Muchos analistas advierten que estas medidas son insuficientes, ya que el mercado cambiario mexicano puede operar más de dos mil millones en un solo día de volatilidad. En nuestra opinión, la política monetaria y cambiaria de México ha sido realmente acertada. El secretario de Hacienda declaró: “Estamos protegiendo la economía, no al peso”. Y este es el enfoque correcto en estas circunstancias. Defender al peso como perro, sabemos que no es una estrategia adecuada. No se puede ir en contra del mercado.

¿Qué sucedería si hubiéramos inyectado la suficiente cantidad de dólares de las reservas para mantener la paridad a 14 pesos? Canicas hay de sobra para esto. Pero si todos están jugando a depreciar sus monedas para ganar competitividad artificialmente, y venderle a los americanos, lo único que se generaría sería una caída de nuestras exportaciones, y por lo tanto una caída en el empleo y en el PIB.

El Estado mexicano debe alrededor de 120 mil millones de dólares; contamos con 190 mil en las reservas, más una línea de crédito por más de 70 mil con el FMI. Nuestra economía es una maquinaria que genera excedentes de divisas. Nuestra vulnerabilidad radica en una posición de alrededor de 150 mil millones de dólares en la tenencia de valores gubernamentales en manos de extranjeros. ¿Cuánto de esa tenencia puede cambiarse de pesos a dólares? Esto es lo que ya está sucediendo. Los mercados suelen adelantarse.

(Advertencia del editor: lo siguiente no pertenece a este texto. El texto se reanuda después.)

lemma u2_kernel_eq_log_kernel:
  assumes "y \<noteq> 0"
  shows "u2_kernel f x y = log_kernel (f x) y (f (x + y) - f x)"
proof -
  have "0 < y^2 + t^2" for t
    using assms by (simp add: add_pos_nonneg)
  then show ?thesis
    using assms unfolding u2_kernel_def log_kernel_def by (simp add: ln_div algebra_simps)
qed

lemma u2_eq_0:
  assumes "f x = 0"
  shows "u2 f x = 0"
proof -
  have "u2_kernel f x = (\<lambda>_. 0)"
    using assms by (simp add: u2_kernel_def fun_eq_iff)
  then show ?thesis
    by (simp add: u2_eq_integral_u2_kernel)
qed

lemma abs_u2_kernel_le:
  fixes f :: "real \<Rightarrow> real"
  assumes M: "\<And>z. \<bar>f z\<bar> \<le> M" and y: "y \<noteq> 0" and yY: "\<bar>y\<bar> \<le> Y"
  shows "\<bar>u2_kernel f x y\<bar> \<le> 2 * (ln (1 + 1/y^2) + ln (1 + (Y^2 + (2*M)^2)))"
proof -
  define v1 where "v1 = y^2 + (f (x + y) - f x)^2"
  define v2 where "v2 = y^2 + (f (x + y) + f x)^2"
  have y2: "0 < y^2" using y by simp
  have "(f (x + y) - f x)^2 \<le> (2*M)^2" "(f (x + y) + f x)^2 \<le> (2*M)^2"
    unfolding abs_le_square_iff[symmetric] using M[of "x + y"] M[of x] by linarith+
  moreover have "y^2 \<le> Y^2" using yY by (simp add: abs_le_square_iff[symmetric])
  ultimately have v: "y^2 \<le> v1" "v1 \<le> Y^2 + (2*M)^2" "y^2 \<le> v2" "v2 \<le> Y^2 + (2*M)^2"
    unfolding v1_def v2_def by auto
  have "0 < v1" "0 < v2"
    using v y2 by linarith+
  then have "u2_kernel f x y = ln v1 - ln v2"
    unfolding u2_kernel_def v1_def[symmetric] v2_def[symmetric] by (simp add: ln_div)
  then have "\<bar>u2_kernel f x y\<bar> \<le> \<bar>ln v1\<bar> + \<bar>ln v2\<bar>"
    by simp
  also have "\<dots> \<le> 2 * (ln (1 + 1/y^2) + ln (1 + (Y^2 + (2*M)^2)))"
    using abs_ln_le[OF y2 v(1,2)] abs_ln_le[OF y2 v(3,4)] by simp
  finally show ?thesis .
qed
lemma normal_equations_solvable:
  fixes X :: "real^'d^'m"
  obtains B :: "real^'m^'d" where "\<And>y. B *v y \<in> row_space X"
    and "\<And>y. transpose X *v (X *v (B *v y)) = transpose X *v y"
proof -
  let ?G = "\<lambda>x. (transpose X ** X) *v x"
  note bij = gram_bij_betw_row_space[of X]
  obtain g where g: "range g \<subseteq> row_space X" "linear g" "\<And>x. x \<in> row_space X \<Longrightarrow> g (?G x) = x"
    using linear_inj_on_left_inverse[of ?G "row_space X"] bij subspace_row_space
    by (metis bij_betw_def span_eq_iff matrix_vector_mul_linear)
  define B where "B = matrix (\<lambda>y. g (transpose X *v y))"
  have "linear (\<lambda>y. g (transpose X *v y))"
    using linear_compose[OF matrix_vector_mul_linear g(2)] unfolding o_def by blast
  then have Bv: "B *v y = g (transpose X *v y)" for y
    unfolding B_def by (metis matrix_vector_mul(2))
  show thesis
  proof
    show "B *v y \<in> row_space X" for y using g(1) Bv by auto
    show "transpose X *v (X *v (B *v y)) = transpose X *v y" for y
    proof -
      have "transpose X *v y \<in> row_space X" unfolding row_space_def by auto
      then obtain x where "x \<in> row_space X" "transpose X *v y = ?G x"
        using bij unfolding bij_betw_def by force
      then show ?thesis using Bv g(3) by (simp add: matrix_vector_mul_assoc)
    qed
  qed
qed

Cuando se dio la crisis hipotecaria en EU y quebraron los bancos americanos más grandes, la aseguradora más importante del mundo y dos de las tres armadoras automotrices, salieron recursos de los valores gubernamentales mexicanos en más de 20 mil millones. Al año siguiente regresaron 30 mil. La gran diferencia es que en 2008 el mundo… se iba a acabar.

La circunstancia actual es muy diferente. El alza de las tasas en dólares es una señal clara de que las cosas en Estados Unidos van bien. No creemos que salgan de Bonos M o Cetes más de 15 mil a 20 mil millones. Esta depreciación no es una fuga de capitales. En nuestra opinión, después de que pase la peor intensidad de la tormenta, hay suficientes fundamentos para que el peso mexicano regrese por debajo de 15 o 14 pesos por dólar para finales de 2016 o un poco más adelante, cuando los europeos y los japoneses dejen de crear dinero en exceso, cuando el precio del petróleo esté más estable, cuando se incrementen los flujos de inversión por las reformas, y cuando las tasas de interés ya se estén ajustando al alza.